(WORK ITEM) Find the line holding "using assms(1,2) e" in the entries below. Give it again exactly, along with every line after it up to and including the line holding "(\<forall>i<n. \<forall>j<n. i".

- - - - -

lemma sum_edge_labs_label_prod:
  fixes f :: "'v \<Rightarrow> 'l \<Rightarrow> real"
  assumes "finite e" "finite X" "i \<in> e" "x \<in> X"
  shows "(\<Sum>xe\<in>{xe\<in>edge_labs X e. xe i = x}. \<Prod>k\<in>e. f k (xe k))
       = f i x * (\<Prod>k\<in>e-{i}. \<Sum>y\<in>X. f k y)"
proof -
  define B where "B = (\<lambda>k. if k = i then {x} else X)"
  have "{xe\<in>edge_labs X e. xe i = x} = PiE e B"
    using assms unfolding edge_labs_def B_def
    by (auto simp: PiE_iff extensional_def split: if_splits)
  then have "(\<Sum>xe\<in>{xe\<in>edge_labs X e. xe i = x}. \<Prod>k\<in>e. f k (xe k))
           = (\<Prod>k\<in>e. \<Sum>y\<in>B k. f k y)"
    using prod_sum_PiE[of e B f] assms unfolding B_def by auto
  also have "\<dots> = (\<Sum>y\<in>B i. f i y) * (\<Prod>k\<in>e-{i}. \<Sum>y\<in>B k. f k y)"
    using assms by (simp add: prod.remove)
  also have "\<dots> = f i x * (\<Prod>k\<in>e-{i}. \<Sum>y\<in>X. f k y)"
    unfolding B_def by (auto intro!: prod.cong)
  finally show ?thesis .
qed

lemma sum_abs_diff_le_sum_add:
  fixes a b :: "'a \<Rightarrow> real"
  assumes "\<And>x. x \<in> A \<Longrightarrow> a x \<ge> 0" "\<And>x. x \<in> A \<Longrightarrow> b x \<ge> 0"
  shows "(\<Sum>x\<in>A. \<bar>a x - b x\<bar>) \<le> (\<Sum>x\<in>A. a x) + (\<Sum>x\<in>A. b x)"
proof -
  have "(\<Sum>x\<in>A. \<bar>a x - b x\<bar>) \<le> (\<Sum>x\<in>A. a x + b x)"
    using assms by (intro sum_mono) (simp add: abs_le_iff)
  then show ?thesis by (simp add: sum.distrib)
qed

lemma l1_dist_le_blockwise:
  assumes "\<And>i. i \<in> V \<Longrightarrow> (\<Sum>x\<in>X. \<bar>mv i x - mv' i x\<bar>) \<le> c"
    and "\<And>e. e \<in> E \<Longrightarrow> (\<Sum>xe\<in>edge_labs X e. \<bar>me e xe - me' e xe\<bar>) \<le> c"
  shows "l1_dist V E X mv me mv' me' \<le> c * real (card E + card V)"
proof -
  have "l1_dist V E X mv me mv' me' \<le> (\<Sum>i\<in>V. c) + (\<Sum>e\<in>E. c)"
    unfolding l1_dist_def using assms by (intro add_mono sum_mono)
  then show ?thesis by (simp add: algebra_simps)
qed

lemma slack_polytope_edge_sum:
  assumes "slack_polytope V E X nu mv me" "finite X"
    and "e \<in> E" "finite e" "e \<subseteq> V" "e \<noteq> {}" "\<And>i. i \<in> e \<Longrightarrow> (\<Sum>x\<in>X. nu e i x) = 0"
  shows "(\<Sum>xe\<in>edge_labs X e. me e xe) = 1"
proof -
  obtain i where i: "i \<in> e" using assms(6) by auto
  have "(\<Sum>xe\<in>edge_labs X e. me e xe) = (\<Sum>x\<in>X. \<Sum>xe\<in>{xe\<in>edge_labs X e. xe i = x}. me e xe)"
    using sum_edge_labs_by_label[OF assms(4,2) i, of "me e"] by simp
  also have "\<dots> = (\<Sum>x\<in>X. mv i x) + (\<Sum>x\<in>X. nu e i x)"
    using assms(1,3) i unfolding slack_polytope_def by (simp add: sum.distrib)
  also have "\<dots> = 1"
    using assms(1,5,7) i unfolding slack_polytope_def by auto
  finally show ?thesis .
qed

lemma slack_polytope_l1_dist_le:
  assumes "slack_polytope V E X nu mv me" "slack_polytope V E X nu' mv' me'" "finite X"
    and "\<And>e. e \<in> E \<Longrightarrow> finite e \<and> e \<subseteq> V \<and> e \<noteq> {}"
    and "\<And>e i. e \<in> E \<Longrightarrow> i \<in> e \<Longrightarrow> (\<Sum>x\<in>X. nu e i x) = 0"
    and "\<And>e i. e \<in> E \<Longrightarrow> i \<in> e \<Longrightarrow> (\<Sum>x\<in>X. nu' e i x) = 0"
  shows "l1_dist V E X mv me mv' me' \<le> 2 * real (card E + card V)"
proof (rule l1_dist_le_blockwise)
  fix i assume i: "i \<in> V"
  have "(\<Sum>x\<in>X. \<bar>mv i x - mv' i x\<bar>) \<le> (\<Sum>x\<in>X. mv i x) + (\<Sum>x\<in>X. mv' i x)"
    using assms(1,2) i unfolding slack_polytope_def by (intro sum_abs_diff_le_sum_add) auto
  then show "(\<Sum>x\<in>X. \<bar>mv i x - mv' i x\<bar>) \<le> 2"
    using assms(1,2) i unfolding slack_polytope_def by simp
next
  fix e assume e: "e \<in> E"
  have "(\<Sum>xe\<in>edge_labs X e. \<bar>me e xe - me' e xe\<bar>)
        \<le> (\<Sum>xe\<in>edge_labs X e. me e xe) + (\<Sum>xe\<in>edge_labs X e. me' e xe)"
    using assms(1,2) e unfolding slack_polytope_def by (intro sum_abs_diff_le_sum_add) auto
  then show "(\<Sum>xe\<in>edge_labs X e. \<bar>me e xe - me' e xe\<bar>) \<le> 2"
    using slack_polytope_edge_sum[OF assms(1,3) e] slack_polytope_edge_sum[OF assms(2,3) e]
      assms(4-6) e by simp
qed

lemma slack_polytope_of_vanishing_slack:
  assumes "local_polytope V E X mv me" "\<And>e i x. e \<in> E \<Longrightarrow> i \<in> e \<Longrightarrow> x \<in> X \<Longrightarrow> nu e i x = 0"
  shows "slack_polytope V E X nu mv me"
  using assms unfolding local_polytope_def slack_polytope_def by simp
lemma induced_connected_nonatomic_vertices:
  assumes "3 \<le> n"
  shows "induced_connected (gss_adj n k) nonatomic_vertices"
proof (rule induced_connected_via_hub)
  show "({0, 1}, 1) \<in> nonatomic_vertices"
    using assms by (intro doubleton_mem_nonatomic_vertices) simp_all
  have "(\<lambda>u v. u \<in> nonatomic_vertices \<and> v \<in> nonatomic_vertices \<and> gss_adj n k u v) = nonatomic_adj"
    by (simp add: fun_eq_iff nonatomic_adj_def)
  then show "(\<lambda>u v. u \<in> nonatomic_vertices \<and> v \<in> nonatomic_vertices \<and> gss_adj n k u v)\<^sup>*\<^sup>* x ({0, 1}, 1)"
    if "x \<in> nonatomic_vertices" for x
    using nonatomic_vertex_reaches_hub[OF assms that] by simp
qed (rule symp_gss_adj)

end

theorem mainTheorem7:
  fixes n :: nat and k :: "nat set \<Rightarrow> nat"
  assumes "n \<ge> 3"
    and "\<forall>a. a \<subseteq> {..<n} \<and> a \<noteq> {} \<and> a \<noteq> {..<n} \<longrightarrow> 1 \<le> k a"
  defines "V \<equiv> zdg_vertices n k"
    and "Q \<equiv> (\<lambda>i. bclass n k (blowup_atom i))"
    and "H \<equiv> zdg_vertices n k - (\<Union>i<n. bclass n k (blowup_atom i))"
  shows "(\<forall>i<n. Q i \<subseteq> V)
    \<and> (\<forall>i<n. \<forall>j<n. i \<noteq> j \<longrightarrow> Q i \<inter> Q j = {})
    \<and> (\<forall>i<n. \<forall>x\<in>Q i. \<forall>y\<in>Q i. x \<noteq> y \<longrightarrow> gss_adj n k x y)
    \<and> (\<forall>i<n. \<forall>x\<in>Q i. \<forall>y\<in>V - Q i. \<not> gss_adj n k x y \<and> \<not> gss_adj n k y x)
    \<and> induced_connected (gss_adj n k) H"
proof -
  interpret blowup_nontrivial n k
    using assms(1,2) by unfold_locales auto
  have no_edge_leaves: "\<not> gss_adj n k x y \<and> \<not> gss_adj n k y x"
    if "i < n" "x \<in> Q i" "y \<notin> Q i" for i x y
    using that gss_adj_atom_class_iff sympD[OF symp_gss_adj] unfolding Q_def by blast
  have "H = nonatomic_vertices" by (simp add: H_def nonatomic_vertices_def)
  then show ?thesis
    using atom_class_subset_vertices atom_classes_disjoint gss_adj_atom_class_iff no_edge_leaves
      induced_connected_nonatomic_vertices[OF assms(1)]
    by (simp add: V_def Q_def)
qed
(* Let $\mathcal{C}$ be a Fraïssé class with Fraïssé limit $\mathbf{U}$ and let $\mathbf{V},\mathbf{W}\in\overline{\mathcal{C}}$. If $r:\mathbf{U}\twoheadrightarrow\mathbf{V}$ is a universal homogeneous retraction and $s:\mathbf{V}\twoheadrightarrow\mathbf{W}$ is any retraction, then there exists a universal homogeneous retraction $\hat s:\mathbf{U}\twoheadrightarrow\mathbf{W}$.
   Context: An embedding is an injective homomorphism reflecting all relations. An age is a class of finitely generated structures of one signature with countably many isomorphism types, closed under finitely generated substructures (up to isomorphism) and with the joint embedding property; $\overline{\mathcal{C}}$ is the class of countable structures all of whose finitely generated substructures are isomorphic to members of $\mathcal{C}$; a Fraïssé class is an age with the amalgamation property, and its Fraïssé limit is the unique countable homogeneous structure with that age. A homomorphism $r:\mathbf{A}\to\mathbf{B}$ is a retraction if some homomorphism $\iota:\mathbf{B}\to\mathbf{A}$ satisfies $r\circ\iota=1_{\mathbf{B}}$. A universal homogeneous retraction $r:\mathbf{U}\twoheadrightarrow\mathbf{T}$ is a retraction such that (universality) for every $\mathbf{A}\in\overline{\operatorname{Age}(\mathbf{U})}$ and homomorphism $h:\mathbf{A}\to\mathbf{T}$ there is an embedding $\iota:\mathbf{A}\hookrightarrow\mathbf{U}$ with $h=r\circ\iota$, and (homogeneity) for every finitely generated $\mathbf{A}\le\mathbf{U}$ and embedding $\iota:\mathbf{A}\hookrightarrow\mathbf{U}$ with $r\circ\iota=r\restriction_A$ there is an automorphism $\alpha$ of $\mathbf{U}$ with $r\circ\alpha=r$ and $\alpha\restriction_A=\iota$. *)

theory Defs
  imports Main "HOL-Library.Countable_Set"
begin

- - - - -

(ANSWER TO THIS EXERCISE)
    using assms(1,2) e unfolding slack_polytope_def by (intro sum_abs_diff_le_sum_add) auto
  then show "(\<Sum>xe\<in>edge_labs X e. \<bar>me e xe - me' e xe\<bar>) \<le> 2"
    using slack_polytope_edge_sum[OF assms(1,3) e] slack_polytope_edge_sum[OF assms(2,3) e]
      assms(4-6) e by simp
qed

lemma slack_polytope_of_vanishing_slack:
  assumes "local_polytope V E X mv me" "\<And>e i x. e \<in> E \<Longrightarrow> i \<in> e \<Longrightarrow> x \<in> X \<Longrightarrow> nu e i x = 0"
  shows "slack_polytope V E X nu mv me"
  using assms unfolding local_polytope_def slack_polytope_def by simp
lemma induced_connected_nonatomic_vertices:
  assumes "3 \<le> n"
  shows "induced_connected (gss_adj n k) nonatomic_vertices"
proof (rule induced_connected_via_hub)
  show "({0, 1}, 1) \<in> nonatomic_vertices"
    using assms by (intro doubleton_mem_nonatomic_vertices) simp_all
  have "(\<lambda>u v. u \<in> nonatomic_vertices \<and> v \<in> nonatomic_vertices \<and> gss_adj n k u v) = nonatomic_adj"
    by (simp add: fun_eq_iff nonatomic_adj_def)
  then show "(\<lambda>u v. u \<in> nonatomic_vertices \<and> v \<in> nonatomic_vertices \<and> gss_adj n k u v)\<^sup>*\<^sup>* x ({0, 1}, 1)"
    if "x \<in> nonatomic_vertices" for x
    using nonatomic_vertex_reaches_hub[OF assms that] by simp
qed (rule symp_gss_adj)

end

theorem mainTheorem7:
  fixes n :: nat and k :: "nat set \<Rightarrow> nat"
  assumes "n \<ge> 3"
    and "\<forall>a. a \<subseteq> {..<n} \<and> a \<noteq> {} \<and> a \<noteq> {..<n} \<longrightarrow> 1 \<le> k a"
  defines "V \<equiv> zdg_vertices n k"
    and "Q \<equiv> (\<lambda>i. bclass n k (blowup_atom i))"
    and "H \<equiv> zdg_vertices n k - (\<Union>i<n. bclass n k (blowup_atom i))"
  shows "(\<forall>i<n. Q i \<subseteq> V)
    \<and> (\<forall>i<n. \<forall>j<n. i \<noteq> j \<longrightarrow> Q i \<inter> Q j = {})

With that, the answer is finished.